2013年3月4日~2016年2月24日までに感染症発生動向調査で届出られた患者報告数は170例で(表)、そのうち、2013年以降に発症した症例は162例(図1)、2012年以前の発症が8例(2005年2例、2010年1例、2012年5例)であった。患者の発生は毎年5~8月に多く(図1)、西日本を中心とした20府県から報告されている(表および図2)。2013年以降の報告では、男性と女性がそれぞれ77例(45%)と93例(55%)(性別不明2例)で(表)、患者年齢は60代以上に多かった(5~95歳、年齢中央値74歳)(図3)。2015年には小児患者が日本で初めて報告された(本号4ページ)。届出時に死亡が確認された例は46例(27%)であった(図3)。発熱が168例(99%)、消化器症状(腹痛、下痢、嘔吐、食欲不振のいずれか)が150例(88%)に認められ、血液検査では、血小板減少が162例(95%)、白血球減少が150例(88%)に認められた(本号3ページ)。
海外(中国、韓国)におけるSFTS患者(本号9ページ)
中国では、SFTSの患者報告数が増加しており、2014年までに約3,500人のSFTS患者が届出られ、致命率は7.8~12.2%と報告されている。韓国では、2012年8月に死亡した患者が2013年にSFTS患者と確認された。2013年には36例(うち死亡17例)が、2014年には55例(うち死亡15例)の患者が報告されており、韓国におけるSFTSの致命率は27~47%と算出された。
日本国内における検査体制
ウイルス学的検査法としては、急性期の血液やその他の体液(咽頭ぬぐい液や尿)からのSFTSV分離、SFTSV遺伝子検出、急性期および回復期のペア血清を用いたSFTSVに対するIgG抗体価の有意な上昇の確認、等の検査法がある。
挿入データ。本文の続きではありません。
(* For every angle $\theta\in\mathbb{R}$, letting $\ket{R_\theta}=2^{-1/2}(\ket{0}+e^{i\theta}\ket{1})$, we have $\chi(R_\theta^{\otimes m}) = O(2^{m/2})$ as $m\to\infty$.
   Context: An $n$-qubit stabilizer state is a state of the form $C\ket{0^n}$ with $C$ an $n$-qubit Clifford unitary. The stabilizer rank $\chi(\psi)$ of an $n$-qubit state $\ket{\psi}$ is the minimum $k$ such that $\ket{\psi}=\sum_{i=1}^k c_i\ket{\Phi_i}$ with $c_i\in\mathbb{C}$ and $\ket{\Phi_i}$ stabilizer states. $R_\theta^{\otimes m}$ denotes the state $\ket{R_\theta}^{\otimes m}$. *)

theory Defs
  imports "Jordan_Normal_Form.Matrix" "HOL-Library.Landau_Symbols" Complex_Main
begin

text \<open>n-qubit states are complex vectors of dimension 2^n; basis state |x> for
x < 2^n, where bit j of x is the value of qubit j.\<close>

definition adj :: "complex mat \<Rightarrow> complex mat" where
  "adj U = mat (dim_col U) (dim_row U) (\<lambda>(i,j). cnj (U $$ (j,i)))"

definition unitary_mat :: "nat \<Rightarrow> complex mat \<Rightarrow> bool" where
  "unitary_mat N U \<longleftrightarrow> U \<in> carrier_mat N N \<and> U * adj U = 1\<^sub>m N \<and> adj U * U = 1\<^sub>m N"

definition pauli_op :: "nat \<Rightarrow> nat \<Rightarrow> nat \<Rightarrow> complex mat" where
  "pauli_op n a b = mat (2^n) (2^n)
     (\<lambda>(y,x). if y = Bit_Operations.xor x a then (-1) ^ card {j. j < n \<and> bit b j \<and> bit x j} else 0)"

definition pauli_group :: "nat \<Rightarrow> complex mat set" where
  "pauli_group n = {(\<i> ^ k) \<cdot>\<^sub>m pauli_op n a b | k a b. a < 2^n \<and> b < 2^n}"

definition clifford :: "nat \<Rightarrow> complex mat set" where
  "clifford n = {C. unitary_mat (2^n) C \<and>
       (\<forall>P \<in> pauli_group n. C * P * adj C \<in> pauli_group n)}"

definition stabilizer_states :: "nat \<Rightarrow> complex vec set" where
  "stabilizer_states n = {C *\<^sub>v unit_vec (2^n) 0 | C. C \<in> clifford n}"

definition stabilizer_rank :: "nat \<Rightarrow> complex vec \<Rightarrow> nat" where
  "stabilizer_rank n \<psi> = (LEAST k. \<exists>(c :: nat \<Rightarrow> complex) (\<Phi> :: nat \<Rightarrow> complex vec).
      (\<forall>i<k. \<Phi> i \<in> stabilizer_states n) \<and>
      \<psi> = vec (2^n) (\<lambda>x. \<Sum>i<k. c i * (\<Phi> i $ x)))"

definition kron_vec :: "complex vec \<Rightarrow> complex vec \<Rightarrow> complex vec" where
  "kron_vec u v = vec (dim_vec u * dim_vec v) (\<lambda>i. u $ (i div dim_vec v) * v $ (i mod dim_vec v))"

definition R_state :: "real \<Rightarrow> complex vec" where
  "R_state \<theta> = vec 2 (\<lambda>i. if i = 0 then 1 / sqrt 2 else cis \<theta> / sqrt 2)"

fun tensor_pow :: "complex vec \<Rightarrow> nat \<Rightarrow> complex vec" where
  "tensor_pow v 0 = vec 1 (\<lambda>_. 1)"
| "tensor_pow v (Suc m) = kron_vec (tensor_pow v m) v"

end

theory Submission
  imports Defs
begin

text \<open>
  Write \<open>e = cis \<theta>\<close>. Three copies of \<open>|R\<^sub>\<theta>\<rangle>\<close> are a combination of two Clifford
  images of \<open>|R\<^sub>\<theta>\<rangle>|00\<rangle>\<close>:
  \<open>|R\<^sub>\<theta>\<rangle>\<^bsup>\<otimes>3\<^esup> = (1 - e\<^sup>2)/2 \<cdot> U\<^sub>1|R\<^sub>\<theta>00\<rangle> + e \<cdot> U\<^sub>2|R\<^sub>\<theta>00\<rangle>\<close>,
  where, with \<open>F\<close> the fanout gate (two CNOTs with a common control),
  \<open>U\<^sub>1 = F (Z \<otimes> 1 \<otimes> 1)\<close> produces the cat state \<open>(|000\<rangle> - e|111\<rangle>)/\<surd>2\<close> and
  \<open>U\<^sub>2 = H\<^bsup>\<otimes>3\<^esup> F (ZH \<otimes> 1 \<otimes> 1)\<close> produces
  \<open>H\<^bsup>\<otimes>3\<^esup>((1 + e)|000\<rangle> + (e - 1)|111\<rangle>)/2\<close>, whose amplitudes are proportional to \<open>e\<close> on
  even-weight and to \<open>1\<close> on odd-weight basis states. Since Clifford unitaries and tensoring with
  stabilizer states preserve the number of terms of a stabilizer decomposition, this gives
  \<open>\<chi>(R\<^sub>\<theta>\<^bsup>\<otimes>(m+2)\<^esup>) \<le> 2 \<chi>(R\<^sub>\<theta>\<^bsup>\<otimes>m\<^esup>)\<close> for \<open>m \<ge> 1\<close>, and from
  \<open>\<chi>(R\<^sub>\<theta>) \<le> 2\<close>, \<open>\<chi>(R\<^sub>\<theta>\<^bsup>\<otimes>2\<^esup>) \<le> 4\<close> the bound
  \<open>\<chi>(R\<^sub>\<theta>\<^bsup>\<otimes>m\<^esup>) \<le> 2\<^bsup>\<lfloor>m/2\<rfloor>+1\<^esup>\<close>.
\<close>

lemma sum_lessThan_add:
  fixes f :: "nat \<Rightarrow> 'a::comm_monoid_add"
  shows "(\<Sum>k<m + n. f k) = (\<Sum>k<m. f k) + (\<Sum>k<n. f (m + k))"
  by (induction n) (simp_all add: add.assoc)

lemma sum_lessThan_mult:
  fixes f :: "nat \<Rightarrow> 'a::comm_monoid_add"
  shows "(\<Sum>k<a * b. f k) = (\<Sum>i<a. \<Sum>j<b. f (i * b + j))"
proof (induction a)
  case (Suc a)
  have "(\<Sum>k<Suc a * b. f k) = (\<Sum>k<a * b + b. f k)"
    by (simp add: add.commute)
  also have "\<dots> = (\<Sum>i<Suc a. \<Sum>j<b. f (i * b + j))"
    by (simp add: sum_lessThan_add Suc)
  finally show ?case .
qed simp

lemma div_mod_less_mult:
  fixes i :: nat
  assumes "i < a * b"
  shows "i div b < a" and "i mod b < b"
proof -
  show "i div b < a"
    using assms by (rule less_mult_imp_div_less)
  have "b \<noteq> 0"
    using assms by (cases "b = 0") auto
  then show "i mod b < b"
    by simp
qed

lemma mult_add_less_mult:
  fixes i j :: nat
  assumes "i < a" and "j < b"
  shows "i * b + j < a * b"
proof -
  have "Suc i * b \<le> a * b"
    using assms(1) by (intro mult_le_mono1) simp
  then show ?thesis
    using assms(2) by simp
qed

lemma dim_kron_vec [simp]: "dim_vec (kron_vec u v) = dim_vec u * dim_vec v"
  by (simp add: kron_vec_def)

lemma index_kron_vec:
  "i < dim_vec u * dim_vec v \<Longrightarrow> kron_vec u v $ i = u $ (i div dim_vec v) * v $ (i mod dim_vec v)"
  by (simp add: kron_vec_def)

lemma kron_vec_assoc: "kron_vec (kron_vec u v) w = kron_vec u (kron_vec v w)"
proof (rule eq_vecI)
  fix i
  assume "i < dim_vec (kron_vec u (kron_vec v w))"
  then have i: "i < dim_vec u * (dim_vec v * dim_vec w)"
    by simp
  then have "dim_vec w \<noteq> 0"
    by auto
  then have "i mod (dim_vec v * dim_vec w) div dim_vec w = i div dim_vec w mod dim_vec v"
    by (simp add: mod_mult2_eq mult.commute[of "dim_vec v"])
  moreover have "i div dim_vec w div dim_vec v = i div (dim_vec v * dim_vec w)"
    by (simp add: div_mult2_eq mult.commute[of "dim_vec v"])
  ultimately show "kron_vec (kron_vec u v) w $ i = kron_vec u (kron_vec v w) $ i"
    using i div_mod_less_mult[of i "dim_vec u * dim_vec v" "dim_vec w"]
      div_mod_less_mult[of i "dim_vec u" "dim_vec v * dim_vec w"]
    by (simp add: index_kron_vec mod_mod_cancel mult.assoc)
qed simp

lemma kron_vec_unit_vec:
  assumes "i < a" and "j < b"
  shows "kron_vec (unit_vec a i) (unit_vec b j) = unit_vec (a * b) (i * b + j)"
proof (rule eq_vecI)
  fix k
  assume "k < dim_vec (unit_vec (a * b) (i * b + j))"
  then have k: "k < a * b"
    by simp
  have iff: "k = i * b + j \<longleftrightarrow> k div b = i \<and> k mod b = j"
    using assms(2) div_mult_mod_eq[of k b] by auto
  show "kron_vec (unit_vec a i) (unit_vec b j) $ k = unit_vec (a * b) (i * b + j) $ k"
    using k div_mod_less_mult[OF k] assms mult_add_less_mult[OF assms]
    by (simp add: index_kron_vec iff)
qed simp

lemma kron_vec_lincomb_right:
  assumes "dim_vec v = dim_vec w"
  shows "kron_vec u (a \<cdot>\<^sub>v v + b \<cdot>\<^sub>v w) = a \<cdot>\<^sub>v kron_vec u v + b \<cdot>\<^sub>v kron_vec u w"
  using assms div_mod_less_mult
  by (intro eq_vecI) (auto simp: index_kron_vec algebra_simps)

definition kron_mat :: "complex mat \<Rightarrow> complex mat \<Rightarrow> complex mat" where
  "kron_mat A B = mat (dim_row A * dim_row B) (dim_col A * dim_col B)
     (\<lambda>(i, j). A $$ (i div dim_row B, j div dim_col B) * B $$ (i mod dim_row B, j mod dim_col B))"

lemma dim_kron_mat [simp]:
  "dim_row (kron_mat A B) = dim_row A * dim_row B"
  "dim_col (kron_mat A B) = dim_col A * dim_col B"
  by (simp_all add: kron_mat_def)

lemma kron_mat_carrier:
  "A \<in> carrier_mat a b \<Longrightarrow> B \<in> carrier_mat c d \<Longrightarrow> kron_mat A B \<in> carrier_mat (a * c) (b * d)"
  unfolding carrier_mat_def by auto

lemma index_kron_mat:
  "i < dim_row A * dim_row B \<Longrightarrow> j < dim_col A * dim_col B \<Longrightarrow>
   kron_mat A B $$ (i, j) = A $$ (i div dim_row B, j div dim_col B) * B $$ (i mod dim_row B, j mod dim_col B)"
  by (simp add: kron_mat_def)

lemma kron_row_sum:
  assumes A: "A \<in> carrier_mat n1 m1" and B: "B \<in> carrier_mat n2 m2"
    and i: "i < n1 * n2"
  shows "(\<Sum>k<m1 * m2. kron_mat A B $$ (i, k) * (f (k div m2) * g (k mod m2))) =
    (\<Sum>k<m1. A $$ (i div n2, k) * f k) * (\<Sum>k<m2. B $$ (i mod n2, k) * g k)"
proof -
  have "(\<Sum>k<m1 * m2. kron_mat A B $$ (i, k) * (f (k div m2) * g (k mod m2))) =
      (\<Sum>k1<m1. \<Sum>k2<m2. (A $$ (i div n2, k1) * f k1) * (B $$ (i mod n2, k2) * g k2))"
    unfolding sum_lessThan_mult
  proof (intro sum.cong refl)
    fix k1 k2
    assume "k1 \<in> {..<m1}" and "k2 \<in> {..<m2}"
    then have "k1 * m2 + k2 < m1 * m2" and "k2 < m2"
      by (simp_all add: mult_add_less_mult)
    then show "kron_mat A B $$ (i, k1 * m2 + k2) * (f ((k1 * m2 + k2) div m2) * g ((k1 * m2 + k2) mod m2)) =
        (A $$ (i div n2, k1) * f k1) * (B $$ (i mod n2, k2) * g k2)"
      using A B i by (simp add: index_kron_mat)
  qed
  then show ?thesis
    by (simp add: sum_product)
qed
全国の地方衛生研究所(地衛研)では、one-step RT-PCRの従来法が実施され、国立感染症研究所(感染研)では要請に応じて定量的one-step RT-PCR法や抗体検査も実施されている(本号5&7ページ)。ウイルス学的検査の実施については最寄りの保健所に相談するとよい。
今後の課題
2013年に日本でSFTS患者が初めて確認されたが、患者が今後も発生することが予想される。感染研および地衛研の調査や、厚生労働科学研究費補助金研究事業「SFTSの制圧に向けた総合的研究」等のこれまでの調査研究により、SFTSの患者発生状況、臨床的特徴、SFTSVの存在様式・感染伝播経路・感染リスク等が徐々に分かりつつある。
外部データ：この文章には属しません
definition Sigma_inv :: "real \<Rightarrow> real \<Rightarrow> nat \<Rightarrow> nat \<Rightarrow> (nat \<Rightarrow> real) \<Rightarrow> real mat" where
  "Sigma_inv M \<tau> n p \<theta> = (1 / M) \<cdot>\<^sub>m 1\<^sub>m p +
     mat p p (\<lambda>(i,j). \<Sum>m<p div 2. \<theta> m * (\<tau> / sqrt (real n)) *
                         (unit_vec p m $ i) * (unit_vec p m $ j))"

definition Sigma :: "real \<Rightarrow> real \<Rightarrow> nat \<Rightarrow> nat \<Rightarrow> (nat \<Rightarrow> real) \<Rightarrow> real mat" where
  "Sigma M \<tau> n p \<theta> = minv (Sigma_inv M \<tau> n p \<theta>)"

definition lhs_quantity :: "real \<Rightarrow> real \<Rightarrow> nat \<Rightarrow> nat \<Rightarrow> real" where
  "lhs_quantity M \<tau> n p = (let q = p div 2; S = Sigma M \<tau> n p in
     Min {(enorm (w_GMV (S \<theta>') - w_GMV (S \<theta>)))\<^sup>2 / hamming q \<theta> \<theta>' | \<theta> \<theta>'.
            \<theta> \<in> Theta q \<and> \<theta>' \<in> Theta q \<and> hamming q \<theta> \<theta>' \<ge> 1}
     * (real q / 2)
     * Min {affinity (sample_space n p) (joint_density n (S \<theta>)) (joint_density n (S \<theta>')) | \<theta> \<theta>'.
            \<theta> \<in> Theta q \<and> \<theta>' \<in> Theta q \<and> hamming q \<theta> \<theta>' = 1})"

end

theory Submission
  imports Defs "HOL-Probability.Distributions" "HOL-Real_Asymp.Real_Asymp"
begin

text \<open>Both \<open>\<Sigma>(\<theta>)\<inverse>\<close> and \<open>\<Sigma>(\<theta>)\<close> are diagonal, so \<open>w\<^sub>G\<^sub>M\<^sub>V(\<Sigma>(\<theta>))\<close> is the vector of
  precisions normalised to sum 1, and \<open>P\<^sub>\<theta>\<close> is a product of one-dimensional centred normals.
  Each flipped coordinate changes one precision by \<open>\<tau>/\<surd>n\<close>; since the last \<open>p - p'\<close>
  precisions never change, normalisation cannot absorb this, and every flip moves the weights by
  at least \<open>c \<tau>\<^sup>2M\<^sup>2/(n p\<^sup>2)\<close> in squared norm. For the affinity, Le Cam's inequality
  \<open>\<parallel>P \<and> Q\<parallel> \<ge> (\<integral>\<surd>(pq))\<^sup>2/2\<close> reduces to the Bhattacharyya coefficient of two normals,
  which for a single flip is \<open>(1 - O(\<tau>\<^sup>2M\<^sup>2/n))^(n/2)\<close> and hence bounded below. As
  \<open>p' \<ge> p/4\<close>, the product is at least a constant times \<open>1/(n p)\<close>.\<close>

lemma minv_eqI:
  assumes "B \<in> carrier_mat n n" "A \<in> carrier_mat n n" "A * B = 1\<^sub>m n" "B * A = 1\<^sub>m n"
  shows "minv A = B"
proof -
  have "\<exists>B. B \<in> carrier_mat n n \<and> A * B = 1\<^sub>m n \<and> B * A = 1\<^sub>m n"
    using assms by auto
  from someI_ex[OF this] have C: "minv A \<in> carrier_mat n n" "minv A * A = 1\<^sub>m n"
    using assms(2) unfolding minv_def by auto
  have "minv A = minv A * (A * B)" using C(1) assms(3) by (simp add: right_mult_one_mat)
  also have "\<dots> = (minv A * A) * B" using C(1) assms(2,1) by (rule assoc_mult_mat[symmetric])
  finally show ?thesis using C(2) assms(1) by (simp add: left_mult_one_mat)
qed

lemma minv_mat_diag:
  assumes "\<And>i. i < n \<Longrightarrow> f i \<noteq> 0"
  shows "minv (mat_diag n f) = mat_diag n (\<lambda>i. 1 / f i)"
proof (rule minv_eqI)
  have "mat_diag n (\<lambda>i. f i * (1 / f i)) = 1\<^sub>m n" "mat_diag n (\<lambda>i. 1 / f i * f i) = 1\<^sub>m n"
    using assms by (auto intro!: eq_matI simp: mat_diag_def)
  then show "mat_diag n f * mat_diag n (\<lambda>i. 1 / f i) = 1\<^sub>m n"
    "mat_diag n (\<lambda>i. 1 / f i) * mat_diag n f = 1\<^sub>m n" by simp_all
qed auto

lemma det_mat_diag: "det (mat_diag n f) = (\<Prod>i<n. f i)"
  by (subst det_upper_triangular[of _ n])
     (auto simp: mat_diag_def upper_triangular_def prod_list_diag_prod atLeast0LessThan)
SFTSの感染予防に最も重要なことはダニ刺咬の予防である。特にマダニの活動が盛んな春から秋にかけて、マダニが多く生息する場所に入る際には肌の露出を少なくすることは重要である。DEETを含む忌避剤を用いることは一定の効果が期待される。マダニ対策については以下を参照のこと(http://www.niid.go.jp/niid/ja/sfts/2287-ent/3964-madanitaisaku.html)。
現時点ではSFTSVに対して有効なワクチンはなく、また、抗SFTSV薬の開発も進められているが(本号11ページ)、有効な治療法は確立されていない。SFTSは意識障害等の神経症状が認められる場合は予後は不良であり、今後も調査研究を継続する必要がある。